Collected data
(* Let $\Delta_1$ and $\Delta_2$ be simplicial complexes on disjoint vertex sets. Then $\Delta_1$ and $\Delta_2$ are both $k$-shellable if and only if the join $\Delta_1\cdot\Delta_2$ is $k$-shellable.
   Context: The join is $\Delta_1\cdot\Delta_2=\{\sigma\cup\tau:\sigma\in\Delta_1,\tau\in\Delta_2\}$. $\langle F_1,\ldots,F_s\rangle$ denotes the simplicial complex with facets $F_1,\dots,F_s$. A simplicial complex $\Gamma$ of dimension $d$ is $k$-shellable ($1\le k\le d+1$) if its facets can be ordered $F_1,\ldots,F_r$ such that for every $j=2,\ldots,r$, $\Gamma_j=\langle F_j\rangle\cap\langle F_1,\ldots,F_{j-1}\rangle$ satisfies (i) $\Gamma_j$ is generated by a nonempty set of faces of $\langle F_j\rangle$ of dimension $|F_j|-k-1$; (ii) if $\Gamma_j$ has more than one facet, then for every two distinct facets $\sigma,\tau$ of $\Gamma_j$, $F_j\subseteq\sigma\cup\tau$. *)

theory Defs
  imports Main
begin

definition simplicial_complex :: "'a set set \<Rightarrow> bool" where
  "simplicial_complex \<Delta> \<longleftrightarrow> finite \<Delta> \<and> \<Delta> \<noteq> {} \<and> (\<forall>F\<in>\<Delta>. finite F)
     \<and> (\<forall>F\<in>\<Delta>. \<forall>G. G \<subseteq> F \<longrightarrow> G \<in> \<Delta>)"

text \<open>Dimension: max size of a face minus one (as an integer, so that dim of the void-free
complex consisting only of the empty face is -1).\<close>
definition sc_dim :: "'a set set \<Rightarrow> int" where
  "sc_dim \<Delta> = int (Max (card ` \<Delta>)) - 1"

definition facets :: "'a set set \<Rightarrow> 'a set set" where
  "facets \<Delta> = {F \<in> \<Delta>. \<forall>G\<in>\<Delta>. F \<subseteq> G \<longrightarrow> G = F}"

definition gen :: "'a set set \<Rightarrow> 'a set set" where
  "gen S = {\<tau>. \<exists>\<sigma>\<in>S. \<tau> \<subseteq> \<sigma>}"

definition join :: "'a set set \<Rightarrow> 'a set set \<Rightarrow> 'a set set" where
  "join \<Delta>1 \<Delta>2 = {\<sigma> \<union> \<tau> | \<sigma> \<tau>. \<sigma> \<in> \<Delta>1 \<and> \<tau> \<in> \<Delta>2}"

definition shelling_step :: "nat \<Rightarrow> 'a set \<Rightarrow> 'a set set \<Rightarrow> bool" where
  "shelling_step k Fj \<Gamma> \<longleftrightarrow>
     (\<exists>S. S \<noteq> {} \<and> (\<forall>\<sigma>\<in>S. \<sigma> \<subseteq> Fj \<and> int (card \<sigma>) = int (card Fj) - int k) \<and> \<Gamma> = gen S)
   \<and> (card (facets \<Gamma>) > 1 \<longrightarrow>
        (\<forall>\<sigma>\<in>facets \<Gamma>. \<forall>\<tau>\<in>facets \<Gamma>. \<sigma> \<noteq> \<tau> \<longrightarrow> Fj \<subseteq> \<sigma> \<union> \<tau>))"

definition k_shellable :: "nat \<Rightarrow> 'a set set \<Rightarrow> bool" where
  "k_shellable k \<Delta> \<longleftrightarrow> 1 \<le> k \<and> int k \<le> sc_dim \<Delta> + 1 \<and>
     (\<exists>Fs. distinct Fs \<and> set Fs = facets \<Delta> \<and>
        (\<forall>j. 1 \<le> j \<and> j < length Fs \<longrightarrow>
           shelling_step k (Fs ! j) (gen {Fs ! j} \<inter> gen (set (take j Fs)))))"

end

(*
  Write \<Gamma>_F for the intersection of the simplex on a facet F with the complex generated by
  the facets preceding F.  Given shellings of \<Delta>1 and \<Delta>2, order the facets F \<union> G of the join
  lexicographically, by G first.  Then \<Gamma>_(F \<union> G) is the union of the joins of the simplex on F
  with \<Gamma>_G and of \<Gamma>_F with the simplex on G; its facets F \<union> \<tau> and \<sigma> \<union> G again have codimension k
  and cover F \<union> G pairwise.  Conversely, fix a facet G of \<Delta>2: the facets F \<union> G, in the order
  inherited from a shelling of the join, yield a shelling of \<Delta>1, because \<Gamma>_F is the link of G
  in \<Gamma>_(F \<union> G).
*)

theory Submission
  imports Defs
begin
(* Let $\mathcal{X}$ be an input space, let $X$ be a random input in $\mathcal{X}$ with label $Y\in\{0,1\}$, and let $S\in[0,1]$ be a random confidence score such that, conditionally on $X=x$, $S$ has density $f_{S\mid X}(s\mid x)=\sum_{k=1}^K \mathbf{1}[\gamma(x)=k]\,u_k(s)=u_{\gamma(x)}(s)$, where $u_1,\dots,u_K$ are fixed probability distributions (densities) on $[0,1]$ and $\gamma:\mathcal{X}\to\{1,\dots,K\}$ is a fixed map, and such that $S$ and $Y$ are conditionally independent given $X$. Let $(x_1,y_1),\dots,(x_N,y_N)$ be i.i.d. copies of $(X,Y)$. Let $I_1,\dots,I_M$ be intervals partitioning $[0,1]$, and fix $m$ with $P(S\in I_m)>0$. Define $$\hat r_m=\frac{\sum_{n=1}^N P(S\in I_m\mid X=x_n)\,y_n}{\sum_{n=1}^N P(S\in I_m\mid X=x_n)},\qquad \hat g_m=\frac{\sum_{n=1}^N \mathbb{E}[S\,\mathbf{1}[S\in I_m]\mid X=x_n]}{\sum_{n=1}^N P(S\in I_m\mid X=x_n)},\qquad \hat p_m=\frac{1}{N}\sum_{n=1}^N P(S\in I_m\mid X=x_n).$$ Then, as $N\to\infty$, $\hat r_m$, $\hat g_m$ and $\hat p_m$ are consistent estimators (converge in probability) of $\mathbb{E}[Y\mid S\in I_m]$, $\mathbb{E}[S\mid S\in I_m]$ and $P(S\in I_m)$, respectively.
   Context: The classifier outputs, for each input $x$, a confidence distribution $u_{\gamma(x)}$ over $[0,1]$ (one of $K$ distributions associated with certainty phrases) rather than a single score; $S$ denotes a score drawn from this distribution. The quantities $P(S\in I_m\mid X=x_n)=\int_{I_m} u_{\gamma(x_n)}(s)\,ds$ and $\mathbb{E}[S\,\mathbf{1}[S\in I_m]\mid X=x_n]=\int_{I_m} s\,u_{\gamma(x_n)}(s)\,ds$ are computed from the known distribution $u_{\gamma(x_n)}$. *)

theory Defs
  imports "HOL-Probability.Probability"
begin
---
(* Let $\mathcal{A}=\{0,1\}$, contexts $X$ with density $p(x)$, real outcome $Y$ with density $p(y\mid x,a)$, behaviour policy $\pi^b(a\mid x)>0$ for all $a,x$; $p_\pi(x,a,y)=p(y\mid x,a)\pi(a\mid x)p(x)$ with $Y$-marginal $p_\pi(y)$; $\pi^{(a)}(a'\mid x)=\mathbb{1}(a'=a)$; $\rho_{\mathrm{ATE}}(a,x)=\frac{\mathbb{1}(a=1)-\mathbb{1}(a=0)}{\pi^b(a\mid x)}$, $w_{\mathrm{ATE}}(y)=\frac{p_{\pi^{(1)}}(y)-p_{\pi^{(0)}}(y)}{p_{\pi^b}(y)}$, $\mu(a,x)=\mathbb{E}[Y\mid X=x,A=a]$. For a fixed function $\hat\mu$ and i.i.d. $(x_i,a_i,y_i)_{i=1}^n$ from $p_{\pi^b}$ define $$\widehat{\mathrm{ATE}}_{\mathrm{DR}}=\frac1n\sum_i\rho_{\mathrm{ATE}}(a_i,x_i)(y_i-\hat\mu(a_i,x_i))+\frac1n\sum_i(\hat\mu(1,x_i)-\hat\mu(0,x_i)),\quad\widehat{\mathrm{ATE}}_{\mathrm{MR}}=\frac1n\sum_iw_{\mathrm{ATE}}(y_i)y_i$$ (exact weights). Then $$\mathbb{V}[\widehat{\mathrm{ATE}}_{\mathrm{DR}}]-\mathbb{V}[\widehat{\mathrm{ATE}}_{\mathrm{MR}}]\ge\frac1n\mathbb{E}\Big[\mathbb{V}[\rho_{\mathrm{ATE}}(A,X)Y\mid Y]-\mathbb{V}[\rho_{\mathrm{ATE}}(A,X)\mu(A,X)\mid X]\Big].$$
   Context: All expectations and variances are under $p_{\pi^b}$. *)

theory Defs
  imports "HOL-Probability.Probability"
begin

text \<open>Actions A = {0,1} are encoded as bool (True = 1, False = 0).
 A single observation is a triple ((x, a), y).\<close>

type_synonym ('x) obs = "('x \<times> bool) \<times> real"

What needs to be done: If a line above holds the string "simplex", return it as it stands.

Reply:
  Write \<Gamma>_F for the intersection of the simplex on a facet F with the complex generated by
  lexicographically, by G first.  Then \<Gamma>_(F \<union> G) is the union of the joins of the simplex on F
  with \<Gamma>_G and of \<Gamma>_F with the simplex on G; its facets F \<union> \<tau> and \<sigma> \<union> G again have codimension k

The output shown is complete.